Thales-Raytheon Systems Company LLC
- Company type: Private joint venture
- Industry: Aerospace, defence
- Founded: June 2001
- Headquarters: Massy, France Fullerton, California, United States
- Key people: Philippe Duhamel (Chief Executive Officer)
- Products: Air operation command and control systems, battlefield radars, ground-based weapon-locating radars, surveillance radars
- Services: Maintenance, repair, logistic support, technical assistance, software support, test benchmarking, upgradation and system life extension services
- Owner: Raytheon Technologies (50%) Thales Group (50%)
- Number of employees: 1,600
- Website: www.thalesraytheon.com

= ThalesRaytheonSystems =

French-American Joint Venture

Thales-Raytheon Systems Company LLC (ThalesRaytheonSystems or TRS) is an aerospace and defence company co-headquartered in Massy, France and Fullerton, California, United States. It is operated as a 50:50 joint venture between Raytheon Technologies (formerly Raytheon Company) and Thales Group.

ThalesRaytheon was formed in June 2001 to combine the radar and Command, Control, Communications, Computers and Intelligence or C4I systems product lines of the two firms. aerospace control systems. In addition to the supply of various defense electronics systems, the company provides maintenance, repair, logistic support, technical assistance, software support, overhaul, and system life extension services to end users.

==History==
On 16 December 2000, French electronics and defense specialist Thales S.A. and American defense contractor Raytheon Company announced the creation of ThalesRaytheon Systems. Prior to this, the two companies already cooperated on 17 individual programs of various sizes; they both possessed extensive military electronics product lines that generated between $500 million and $700 million in annual revenue by 2000. Upon its formation, ThalesRaytheon Systems held roughly 40 percent of the global market for air defense command and control centers, air defense radars and battlefield surveillance systems.

In March 2002, ThalesRaytheonSystems received a contract valued at roughly $99 million from the French defence procurement agency (DGA) to deliver the first version of the mobile command and control centre (C3M); this system formed the deployable component of France’s Air Command and Control System.

During 2008, American defense conglomerate Lockheed Martin entered into a commercial relationship with ThalesRaytheonSystems to deliver NATO's Theater Missile Defence capability. During July 2018, Lockheed Martin and ThalesRaytheonSystems signed a teaming agreement to deepen their cooperation and to jointly pursue the provision of a territorial Ballistic Missile Defence (BMD) command and control capability to NATO member states.

In February 2011, ThalesRaytheonSystems, was awarded a contract by NATO ACCS Management Agency (NACMA) to implement various enhancements to the Air Command and Control System (ACCS) as a part of the Active Layered Theatre Ballistic Missile Defence (ALTBMD). The improvements included sensor and weapon system configuration, management and coverage, air and missile track processing, dissemination, classification, display and alerting modifications.
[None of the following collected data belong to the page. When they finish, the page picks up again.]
lemma convex_on_cvx: "convex_on edom cvx"
proof (rule convex_onI)
  fix t x y :: real assume "0 < t" "t < 1" "x \<in> edom" "y \<in> edom"
  then show "cvx ((1 - t) *\<^sub>R x + t *\<^sub>R y) \<le> (1 - t) * cvx x + t * cvx y"
    using convex_combination_step[of x y t] by simp
qed (rule convex_edom)

lemma cvx_above_tangent:
  assumes "open U" "U \<subseteq> edom" "c \<in> U" "DERIV G c :> d" "x \<in> edom"
  shows "cvx x - cvx c \<ge> (\<gamma> * d + \<alpha> * c) * (x - c)"
proof -
  have "DERIV cvx c :> \<gamma> * d + \<alpha> * c"
    unfolding cvx_def[abs_def] by (auto intro!: derivative_eq_intros assms(4))
  moreover have "c \<in> interior edom" using assms interior_maximal by blast
  ultimately show ?thesis
    using convex_on_imp_above_tangent[OF convex_on_cvx convex_connected[OF convex_edom]] assms(5)
      has_field_derivative_at_within by blast
qed

lemma prox_gradient_step:
  assumes U: "open U" "U \<subseteq> edom" "u \<in> U" and d: "DERIV G u :> d"
  shows "prox (\<lambda>v. ereal \<gamma> * g v) (u + \<gamma> * d) = u"
proof -
  define z where "z = u + \<gamma> * d"
  define obj where "obj v = ereal ((v - z)\<^sup>2 / 2) + ereal \<gamma> * g v" for v
  have ou: "obj u = ereal ((u - z)\<^sup>2 / 2 + \<gamma> * G u)" unfolding obj_def using U g_eq_G by auto
  have strict: "obj u < obj v" if "v \<noteq> u" for v
  proof (cases "v \<in> edom")
    case False
    then show ?thesis using ou gamma_pos unfolding obj_def edom_def by simp
  next
    case True
    have "((v - z)\<^sup>2 / 2 + \<gamma> * G v) - ((u - z)\<^sup>2 / 2 + \<gamma> * G u)
        = (cvx v - cvx u - (\<gamma> * d + \<alpha> * u) * (v - u)) + (1 - \<alpha>) / 2 * (v - u)\<^sup>2"
      unfolding cvx_def z_def by (simp add: power2_eq_square field_simps)
    moreover have "cvx v - cvx u \<ge> (\<gamma> * d + \<alpha> * u) * (v - u)" by (rule cvx_above_tangent[OF U d True])
    moreover have "(1 - \<alpha>) / 2 * (v - u)\<^sup>2 > 0" using alpha_less_one that by simp
    ultimately show ?thesis using ou g_eq_G[OF True] unfolding obj_def by simp
  qed
  have "(THE w. \<forall>v. obj w \<le> obj v) = u"
  proof (rule the_equality)
    show "\<forall>v. obj u \<le> obj v" using strict by (metis order.order_iff_strict)
    show "w = u" if "\<forall>v. obj w \<le> obj v" for w
      using strict[of w] that by (metis not_le)
  qed
  then show ?thesis unfolding prox_def obj_def z_def by simp
qed

lemma gradient_step_strongly_increasing:
  assumes U: "open U" "U \<subseteq> edom" "a \<in> U" "b \<in> U"
    and "DERIV G a :> da" "DERIV G b :> db" "a < b"
  shows "(b + \<gamma> * db) - (a + \<gamma> * da) \<ge> (1 - \<alpha>) * (b - a)"
proof -
  have "cvx b - cvx a \<ge> (\<gamma> * da + \<alpha> * a) * (b - a)"
    using cvx_above_tangent[OF U(1,2,3) assms(5)] U by auto
  moreover have "cvx a - cvx b \<ge> (\<gamma> * db + \<alpha> * b) * (a - b)"
    using cvx_above_tangent[OF U(1,2,4) assms(6)] U by auto
  ultimately have "0 \<le> (\<gamma> * db + \<alpha> * b - \<gamma> * da - \<alpha> * a) * (b - a)" by (simp add: algebra_simps)
  then have "0 \<le> \<gamma> * db + \<alpha> * b - \<gamma> * da - \<alpha> * a" using \<open>a < b\<close> by (simp add: zero_le_mult_iff)
  then show ?thesis by (simp add: algebra_simps)
qed

lemma gradient_step_derivative_lower_bound:
  assumes U: "open U" "U \<subseteq> edom" "x \<in> U"
    and G1: "\<forall>x\<in>U. DERIV G x :> G1 x" and G2: "\<forall>x\<in>U. DERIV G1 x :> G2 x"
  shows "1 + \<gamma> * G2 x \<ge> 1 - \<alpha>"
proof -
  define q where "q y = y + \<gamma> * G1 y" for y
  have "DERIV q x :> 1 + \<gamma> * G2 x" unfolding q_def[abs_def]
    using G2 U(3) by (auto intro!: derivative_eq_intros)
  moreover have "\<forall>\<^sub>F y in at x. 1 - \<alpha> \<le> (q y - q x) / (y - x)"
    using eventually_at_in_open[OF U(1,3)]
  proof eventually_elim
    case (elim y)
    then have yU: "y \<in> U" by simp
    show ?case
    proof (cases "x < y")
      case True
      then have "q y - q x \<ge> (1 - \<alpha>) * (y - x)" unfolding q_def
        using gradient_step_strongly_increasing[OF U(1,2,3) yU] G1 U(3) yU by auto
      then show ?thesis using True by (simp add: pos_le_divide_eq)
    next
      case False
      then have "y < x" using elim by auto
      then have "q x - q y \<ge> (1 - \<alpha>) * (x - y)" unfolding q_def
        using gradient_step_strongly_increasing[OF U(1,2) yU U(3)] G1 U(3) yU by auto
      moreover have "(q y - q x) / (y - x) = (q x - q y) / (x - y)"
        by (simp add: divide_simps) (simp add: algebra_simps)
      ultimately show ?thesis using \<open>y < x\<close> by (simp add: pos_le_divide_eq)
    qed
  qed
  ultimately show ?thesis by (rule has_field_derivative_lower_bound)
qed

text \<open>Near \<open>z\<^sub>0 = u\<^sub>0 + \<gamma> g'(u\<^sub>0)\<close> the proximal map is the inverse of the strictly increasing map
  \<open>u \<mapsto> u + \<gamma> g'(u)\<close>, hence differentiable with derivative \<open>1 / (1 + \<gamma> g''(prox z))\<close>.\<close>

lemma prox_smooth_near_gradient_step:
  assumes U: "open U" "U \<subseteq> edom" "u0 \<in> U"
    and G1: "\<forall>x\<in>U. DERIV G x :> G1 x" and G2: "\<forall>x\<in>U. DERIV G1 x :> G2 x"
    and dG2: "G2 differentiable (at u0)"
  defines "p \<equiv> prox (\<lambda>v. ereal \<gamma> * g v)" and "z0 \<equiv> u0 + \<gamma> * G1 u0"
    and "p' \<equiv> \<lambda>z. inverse (1 + \<gamma> * G2 (prox (\<lambda>v. ereal \<gamma> * g v) z))"
  shows "p z0 = u0 \<and> 1 + \<gamma> * G2 u0 > 0 \<and> (\<forall>\<^sub>F z in nhds z0. DERIV p z :> p' z) \<and> p' differentiable (at z0)"
proof -
  define q where "q y = y + \<gamma> * G1 y" for y
  have pos: "1 + \<gamma> * G2 y > 0" if "y \<in> U" for y
    using gradient_step_derivative_lower_bound[OF U(1,2) that G1 G2] alpha_less_one by linarith
  have pq: "p (q y) = y" if "y \<in> U" for y
    unfolding p_def q_def using prox_gradient_step[OF U(1,2) that] G1 that by auto
  obtain d where d: "d > 0" "cball u0 d \<subseteq> U" using U(1,3) open_contains_cball by blast
  then have sub: "{u0 - d..u0 + d} \<subseteq> U" by (auto simp: cball_def dist_real_def subset_iff)
  have dq: "DERIV q y :> 1 + \<gamma> * G2 y" if "y \<in> U" for y
    unfolding q_def[abs_def] using G2 that by (auto intro!: derivative_eq_intros)
  have q_inv: "\<forall>y\<in>{u0 - d..u0 + d}. DERIV q y :> 1 + \<gamma> * G2 y \<and> 1 + \<gamma> * G2 y \<noteq> 0 \<and> p (q y) = y"
    using sub dq pos pq by (metis less_irrefl subsetD)
  have q_mono: "q y2 - q y1 \<ge> (1 - \<alpha>) * (y2 - y1)" if "y1 \<in> U" "y2 \<in> U" "y1 < y2" for y1 y2
    unfolding q_def using gradient_step_strongly_increasing[OF U(1,2) that(1,2) _ _ that(3)] G1 that by auto
  have "(1 - \<alpha>) * d > 0" using d alpha_less_one by simp
  moreover have "u0 - d \<in> U" "u0 + d \<in> U" using sub d by auto
  ultimately have "q (u0 - d) < q u0" "q u0 < q (u0 + d)"
    using q_mono[of "u0 - d" u0] q_mono[of u0 "u0 + d"] d U(3) by fastforce+
  then have "\<forall>\<^sub>F z in nhds z0. z \<in> {q (u0 - d)<..<q (u0 + d)}"
    unfolding z0_def q_def by (intro eventually_nhds_in_open) auto
  then have near: "\<forall>\<^sub>F z in nhds z0. p z \<in> U \<and> DERIV p z :> p' z"
  proof eventually_elim
    case (elim z)
    then have "u0 - d < p z" "p z < u0 + d" "DERIV p z :> inverse (1 + \<gamma> * G2 (p z))"
      using has_field_derivative_left_inverse[OF _ q_inv] d(1) by auto
    then show ?case using sub unfolding p'_def p_def[symmetric] by auto
  qed
  have pz0: "p z0 = u0" using pq[OF U(3)] unfolding z0_def q_def .
  have "DERIV p z0 :> p' z0" using eventually_nhds_x_imp_x[OF near] by blast
  then have "p differentiable (at z0)" unfolding has_field_derivative_def differentiable_def by blast
  then have "(\<lambda>z. G2 (p z)) differentiable (at z0)"
    using differentiable_chain_at[of p z0 G2] dG2 pz0 by (simp add: o_def)
  then have "(\<lambda>z. 1 + \<gamma> * G2 (p z)) differentiable (at z0)"
    by (intro differentiable_add differentiable_mult differentiable_const)
  then have "p' differentiable (at z0)"
    unfolding p'_def p_def[symmetric] using pos[OF U(3)] pz0 by (intro differentiable_inverse) auto
  then show ?thesis using pz0 pos[OF U(3)] near by (auto elim: eventually_mono)
qed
Four years later, the firm was awarded a follow-on contract covering further functionality improvements by NATO.

During June 2016, ThalesRaytheonSystems was restructured at the direction of its parent companies, it was restructured to focus solely on NATO agencies and NATO member nations for the delivery of the Air Command and Control System, Theatre Missile Defense, and Ballistic Missile Defense. The joint venture's former business in ground-based radars and non-ACCS-related air command and control systems transitioned back to their parent companies.

In July 2019, Italian aerospace conglomerate Leonardo S.p.A. signed a memorandum of understanding with ThalesRaytheonSystems to cooperation on air command and control system (ACCS) for NATO customers.